Lawyers and family members said they were being given too little information about the case, and charged that the suspects' rights were not being respected.

Rocco Galati, a lawyer for suspect Ahmad Mustafa Ghany, 21, told the judge that his client's constitutional rights had been violated because he was only able to interview him in the presence of an armed guard.

"The right to private counsel was afforded even at Nuremberg," Galati said.

Outside the court, Donald McLeod, a lawyer for Jahmaal James, 23, also complained of restricted access to his client, including only being allowed to speak to the accused through Plexiglas and not being allowed to have private discussions.

Arif Raza, who represents Saad Khalid, 19, said he had never been allowed to speak to his client and was not even allowed to slip him his business card so Khalid could attempt to call the lawyer from the Maplehurst Correctional Center outside of Toronto.
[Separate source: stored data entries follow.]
text \<open>(C(G), q) is the bialgebra image of pi_H: q is a unital *-homomorphism from the
  universal submagic algebra (it kills the relations), onto C(G), comultiplication-preserving for
  Delta(f)(sigma,tau) = f(sigma tau), pi_H factors through it, and it is minimal: the kernel of
  every other factorization is contained in its kernel.\<close>
definition is_bialgebra_image :: "nat \<Rightarrow> nat \<Rightarrow> (nat \<Rightarrow> nat \<Rightarrow> complex) \<Rightarrow> (nat \<Rightarrow> nat option) set \<Rightarrow> bool" where
  "is_bialgebra_image M N H G \<longleftrightarrow>
     (\<forall>\<sigma>\<in>G. \<forall>\<tau>\<in>G. (\<sigma> \<circ>\<^sub>m \<tau>) \<in> G) \<and>
     qmap G fone = (\<lambda>\<sigma>. if \<sigma> \<in> G then 1 else 0) \<and>
     (\<forall>f\<in>free_alg M. \<forall>g\<in>free_alg M. qmap G (fadd f g) = (\<lambda>\<sigma>. qmap G f \<sigma> + qmap G g \<sigma>)) \<and>
     (\<forall>f\<in>free_alg M. \<forall>c. qmap G (fscale c f) = (\<lambda>\<sigma>. c * qmap G f \<sigma>)) \<and>
     (\<forall>f\<in>free_alg M. \<forall>g\<in>free_alg M. qmap G (fmul f g) = (\<lambda>\<sigma>. qmap G f \<sigma> * qmap G g \<sigma>)) \<and>
     (\<forall>f\<in>free_alg M. qmap G (fstar f) = (\<lambda>\<sigma>. cnj (qmap G f \<sigma>))) \<and>
     (\<forall>r\<in>submagic_rels M. qmap G r = (\<lambda>_. 0)) \<and>
     (\<forall>g. (\<forall>\<sigma>. \<sigma> \<notin> G \<longrightarrow> g \<sigma> = 0) \<longrightarrow> (\<exists>f\<in>free_alg M. qmap G f = g)) \<and>
     (\<forall>f\<in>free_alg M. \<forall>\<sigma>\<in>G. \<forall>\<tau>\<in>G. qqmap G (fcomul M f) \<sigma> \<tau> = qmap G f (\<sigma> \<circ>\<^sub>m \<tau>)) \<and>
     (\<forall>f\<in>free_alg M. qmap G f = (\<lambda>_. 0) \<longrightarrow> piH N H f = 0\<^sub>m N N) \<and>
     (\<forall>I. factorization_ideal M N H I \<longrightarrow> (\<forall>f\<in>I. qmap G f = (\<lambda>_. 0)))"

end

theory Submission
  imports Defs
begin

text \<open>Evaluating the generators \<open>u\<^sub>i\<^sub>j\<close> at a partial permutation \<open>\<sigma>\<close> as \<open>[\<sigma>(j) = i]\<close> is a
  *-character of the free algebra which kills the submagic relations when \<open>\<sigma>\<close> is injective, and
  under which the comultiplication becomes composition: evaluating \<open>\<Delta>(f)\<close> at \<open>(\<sigma>, \<tau>)\<close> gives
  \<open>f(\<sigma>\<tau>)\<close>. Since the \<open>P\<^sub>i\<^sub>j\<close> are commuting projections, the algebra they generate is spanned by
  its joint spectral projections, so its characters, i.e. the elements of \<open>S\<close>, separate points:
  \<open>\<pi>\<^sub>H(f) = 0\<close> iff \<open>f\<close> vanishes on \<open>S\<close>. Hence \<open>\<pi>\<^sub>H\<close> factors through evaluation on \<open>\<langle>S\<rangle>\<close>, and any
  factorization ideal vanishes on \<open>S\<close>, hence on \<open>\<langle>S\<rangle>\<close> by the compatibility with \<open>\<Delta>\<close>: this is
  minimality. Surjectivity onto functions on the finite set \<open>\<langle>S\<rangle>\<close> comes from polynomials
  singling out one injective partial permutation.\<close>

definition fin_supp :: "('a \<Rightarrow> complex) \<Rightarrow> bool" where
  "fin_supp f \<longleftrightarrow> finite {x. f x \<noteq> 0}"

text \<open>\<open>qmap\<close> and \<open>qqmap\<close> are linear extensions of evaluations at partial maps.\<close>
definition lin_ext :: "('a \<Rightarrow> complex) \<Rightarrow> ('a \<Rightarrow> complex) \<Rightarrow> complex" where
  "lin_ext \<phi> f = (\<Sum>x\<in>{x. f x \<noteq> 0}. f x * \<phi> x)"

lemma lin_ext_superset:
  assumes "finite A" "{x. f x \<noteq> 0} \<subseteq> A"
  shows "lin_ext \<phi> f = (\<Sum>x\<in>A. f x * \<phi> x)"
  unfolding lin_ext_def using assms by (intro sum.mono_neutral_left) auto

lemma fin_supp_add: "fin_supp f \<Longrightarrow> fin_supp g \<Longrightarrow> fin_supp (\<lambda>x. f x + g x)"
  unfolding fin_supp_def by (rule finite_subset[of _ "{x. f x \<noteq> 0} \<union> {x. g x \<noteq> 0}"]) auto

lemma fin_supp_scale: "fin_supp f \<Longrightarrow> fin_supp (\<lambda>x. c * f x)"
  unfolding fin_supp_def by (rule finite_subset[of _ "{x. f x \<noteq> 0}"]) auto

lemma lin_ext_add:
  assumes "fin_supp f" "fin_supp g"
  shows "lin_ext \<phi> (\<lambda>x. f x + g x) = lin_ext \<phi> f + lin_ext \<phi> g"
proof -
  let ?A = "{x. f x \<noteq> 0} \<union> {x. g x \<noteq> 0}"
  have "finite ?A" using assms by (auto simp: fin_supp_def)
  then show ?thesis
    by (subst (1 2 3) lin_ext_superset[where A = ?A]) (auto simp: distrib_right sum.distrib)
qed

lemma lin_ext_scale: "lin_ext \<phi> (\<lambda>x. c * f x) = c * lin_ext \<phi> f"
proof (cases "c = 0")
  case False
  then show ?thesis by (simp add: lin_ext_def sum_distrib_left mult.assoc)
qed (simp add: lin_ext_def)

lemma fin_supp_fscale: "fin_supp f \<Longrightarrow> fin_supp (fscale c f)"
  unfolding fscale_def by (rule fin_supp_scale)

lemma lin_ext_fadd: "fin_supp f \<Longrightarrow> fin_supp g \<Longrightarrow> lin_ext \<phi> (fadd f g) = lin_ext \<phi> f + lin_ext \<phi> g"
  unfolding fadd_def by (rule lin_ext_add)

lemma lin_ext_fscale: "lin_ext \<phi> (fscale c f) = c * lin_ext \<phi> f"
  unfolding fscale_def by (rule lin_ext_scale)

lemma fin_supp_zero: "fin_supp (\<lambda>_. 0)"
  by (simp add: fin_supp_def)

lemma lin_ext_zero: "lin_ext \<phi> (\<lambda>_. 0) = 0"
  by (simp add: lin_ext_def)

lemma lin_ext_tensor:
  assumes "fin_supp a" "fin_supp b"
  shows "fin_supp (ftensor a b)"
    and "lin_ext (\<lambda>p. \<phi> (fst p) * \<psi> (snd p)) (ftensor a b) = lin_ext \<phi> a * lin_ext \<psi> b"
proof -
  let ?A = "{x. a x \<noteq> 0} \<times> {x. b x \<noteq> 0}"
  have fin: "finite ?A" using assms by (simp add: fin_supp_def)
  have sub: "{p. ftensor a b p \<noteq> 0} \<subseteq> ?A" by (auto simp: ftensor_def)
  show "fin_supp (ftensor a b)" unfolding fin_supp_def using finite_subset[OF sub fin] .
  have "lin_ext (\<lambda>p. \<phi> (fst p) * \<psi> (snd p)) (ftensor a b)
      = (\<Sum>p\<in>?A. (a (fst p) * \<phi> (fst p)) * (b (snd p) * \<psi> (snd p)))"
    by (subst lin_ext_superset[OF fin sub]) (auto simp: ftensor_def intro: sum.cong)
  also have "\<dots> = lin_ext \<phi> a * lin_ext \<psi> b"
    unfolding lin_ext_def sum_product by (simp add: sum.cartesian_product case_prod_beta)
  finally show "lin_ext (\<lambda>p. \<phi> (fst p) * \<psi> (snd p)) (ftensor a b) = lin_ext \<phi> a * lin_ext \<psi> b" .
qed

lemma lin_ext_cspan_eq_zero:
  assumes "t \<in> cspan X" and "\<And>x. x \<in> X \<Longrightarrow> fin_supp x \<and> lin_ext \<Phi> x = 0"
  shows "fin_supp t \<and> lin_ext \<Phi> t = 0"
  using assms(1)
proof (induction rule: cspan.induct)
  case zero
  then show ?case by (simp add: fin_supp_zero lin_ext_zero)
next
  case (base x)
  then show ?case using assms(2) by blast
next
  case (add x y)
  then show ?case by (simp add: fin_supp_add lin_ext_add)
next
  case (scale x c)
  then show ?case by (simp add: fin_supp_scale lin_ext_scale)
qed

lemma fmul_supp_subset:
  "{w. fmul f g w \<noteq> 0} \<subseteq> (\<lambda>(u, v). u @ v) ` ({u. f u \<noteq> 0} \<times> {v. g v \<noteq> 0})"
proof
  fix w assume "w \<in> {w. fmul f g w \<noteq> 0}"
  then obtain k where "f (take k w) * g (drop k w) \<noteq> 0"
    unfolding fmul_def by (auto elim: sum.not_neutral_contains_not_neutral)
  then show "w \<in> (\<lambda>(u, v). u @ v) ` ({u. f u \<noteq> 0} \<times> {v. g v \<noteq> 0})"
    by (intro rev_image_eqI[of "(take k w, drop k w)"]) auto
qed

lemma fin_supp_fmul: "fin_supp f \<Longrightarrow> fin_supp g \<Longrightarrow> fin_supp (fmul f g)"
  unfolding fin_supp_def by (rule finite_subset[OF fmul_supp_subset]) simp

lemma lin_ext_fmul:
  assumes "fin_supp f" "fin_supp g" and hom: "\<And>u v. \<phi> (u @ v) = \<phi> u * \<phi> v"
  shows "lin_ext \<phi> (fmul f g) = lin_ext \<phi> f * lin_ext \<phi> g"
proof -
  let ?Sf = "{u. f u \<noteq> 0}" and ?Sg = "{v. g v \<noteq> 0}"
  let ?A = "(\<lambda>(u, v). u @ v) ` (?Sf \<times> ?Sg)"
  let ?D = "Sigma ?A (\<lambda>w. {..length w})"
  let ?split = "\<lambda>(u, v). (u @ v, length u)"
  define h where "h = (\<lambda>(w::word, k). f (take k w) * g (drop k w) * \<phi> w)"
  have fin: "finite (?Sf \<times> ?Sg)" using assms by (simp add: fin_supp_def)
  have "lin_ext \<phi> (fmul f g) = (\<Sum>w\<in>?A. \<Sum>k\<le>length w. h (w, k))"
    using fin by (subst lin_ext_superset[OF _ fmul_supp_subset])
      (simp_all add: fmul_def h_def sum_distrib_right)
  also have "\<dots> = sum h ?D"
    using fin by (subst sum.Sigma) auto
  also have "\<dots> = sum h (?split ` (?Sf \<times> ?Sg))"
  proof (rule sum.mono_neutral_right)
    show "finite ?D" using fin by auto
    show "?split ` (?Sf \<times> ?Sg) \<subseteq> ?D" by force
    show "\<forall>p\<in>?D - ?split ` (?Sf \<times> ?Sg). h p = 0"
    proof
      fix p assume p: "p \<in> ?D - ?split ` (?Sf \<times> ?Sg)"
      then obtain w k where wk: "p = (w, k)" "k \<le> length w" by auto
      have "p = ?split (take k w, drop k w)" using wk by simp
      then have "(take k w, drop k w) \<notin> ?Sf \<times> ?Sg" using p by blast
      then show "h p = 0" unfolding h_def wk by auto
    qed
  qed
  also have "\<dots> = (\<Sum>(u, v)\<in>?Sf \<times> ?Sg. (f u * \<phi> u) * (g v * \<phi> v))"
    by (subst sum.reindex) (auto simp: inj_on_def h_def hom intro!: sum.cong)
  also have "\<dots> = lin_ext \<phi> f * lin_ext \<phi> g"
    unfolding lin_ext_def sum_product by (simp add: sum.cartesian_product case_prod_beta)
  finally show ?thesis .
qed

lemma lin_ext_fstar:
  assumes "\<And>w. \<phi> (rev w) = \<phi> w" "\<And>w. cnj (\<phi> w) = \<phi> w"
  shows "lin_ext \<phi> (fstar f) = cnj (lin_ext \<phi> f)"
proof -
  have "{w. fstar f w \<noteq> 0} = rev ` {w. f w \<noteq> 0}"
    by (auto simp: fstar_def intro: rev_image_eqI[of "rev _"])
  then have "lin_ext \<phi> (fstar f) = (\<Sum>w\<in>{w. f w \<noteq> 0}. fstar f (rev w) * \<phi> (rev w))"
    unfolding lin_ext_def by (simp add: sum.reindex)
  also have "\<dots> = cnj (lin_ext \<phi> f)"
    by (simp add: lin_ext_def fstar_def assms)
  finally show ?thesis .
qed

section \<open>The free algebra and evaluation at partial maps\<close>

lemma ev_word_Nil [simp]: "ev_word \<sigma> [] = 1"
  by (simp add: ev_word_def)

lemma ev_word_Cons: "ev_word \<sigma> ((i, j) # w) = (if \<sigma> j = Some i then 1 else 0) * ev_word \<sigma> w"
  by (simp add: ev_word_def)

lemma ev_word_append: "ev_word \<sigma> (u @ v) = ev_word \<sigma> u * ev_word \<sigma> v"
  by (auto simp: ev_word_def)

lemma ev_word_rev: "ev_word \<sigma> (rev w) = ev_word \<sigma> w"
  by (simp add: ev_word_def)

lemma cnj_ev_word: "cnj (ev_word \<sigma> w) = ev_word \<sigma> w"
  by (simp add: ev_word_def)

lemma ev_word_single: "ev_word \<sigma> [(i, j)] = (if \<sigma> j = Some i then 1 else 0)"
  by (simp add: ev_word_def)

lemma fin_supp_free_alg: "f \<in> free_alg M \<Longrightarrow> fin_supp f"
  by (simp add: free_alg_def fin_supp_def)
U.S. Ambassador David Wilkins praised Canadian authorities.

"We appreciate the swift and effective action taken by Canadian law enforcement officials," Wilkins said in Montreal. "They stepped in decisively and I think helped defuse a very dangerous situation. No country is immune to terrorism and we frankly applaud their swift, decisive, heroic efforts."

The U.S. Border Patrol, meanwhile, put agents on high alert along the 4,000-mile border and stepped up inspections of traffic from Canada.

Some American commentators and politicians have accused Canada of having a lax immigration policy and suggested building a fence along the border. But Harper told Parliament on Tuesday most Americans admire Canada for "our shared concern about the security of this continent."

The case has stunned many Canadians, who have not experienced such a major anti-terrorism case since security measures were intensified after the Sept. 11 attacks in the United States.

"It's breathtaking that this is going on in Canada," International Trade Minister David Emerson told the CBC. "To see the homegrown nature of it is shocking to me."

Police say there is no evidence the suspect group had ties to al-Qaida, but describe its members as sympathetic to al-Qaida's violent jihadist ideology. Officials are concerned that many of the 17 suspects are about 20 years old and became radicalized in a short amount of time.

Officials announced the arrests Saturday, saying the sweep was ordered after the group acquired three tons of ammonium nitrate, which can be mixed with fuel oil to make a powerful explosive. One-third that amount was used in the deadly bombing of the Oklahoma City federal building in 1995.

The 12 adult suspects all are charged with one count of participating in a terrorist group.

Three of them — Fahim Ahmad, 21, Mohammed Dirie, 22, and Yasim Abdi Mohamed, 24 — also are charged with importing weapons and ammunition for the purpose of terrorist activity.

Nine face charges of receiving training from a terrorist group, while four are charged with providing training. Six are charged with intending to cause an explosion that could cause serious bodily harm or death.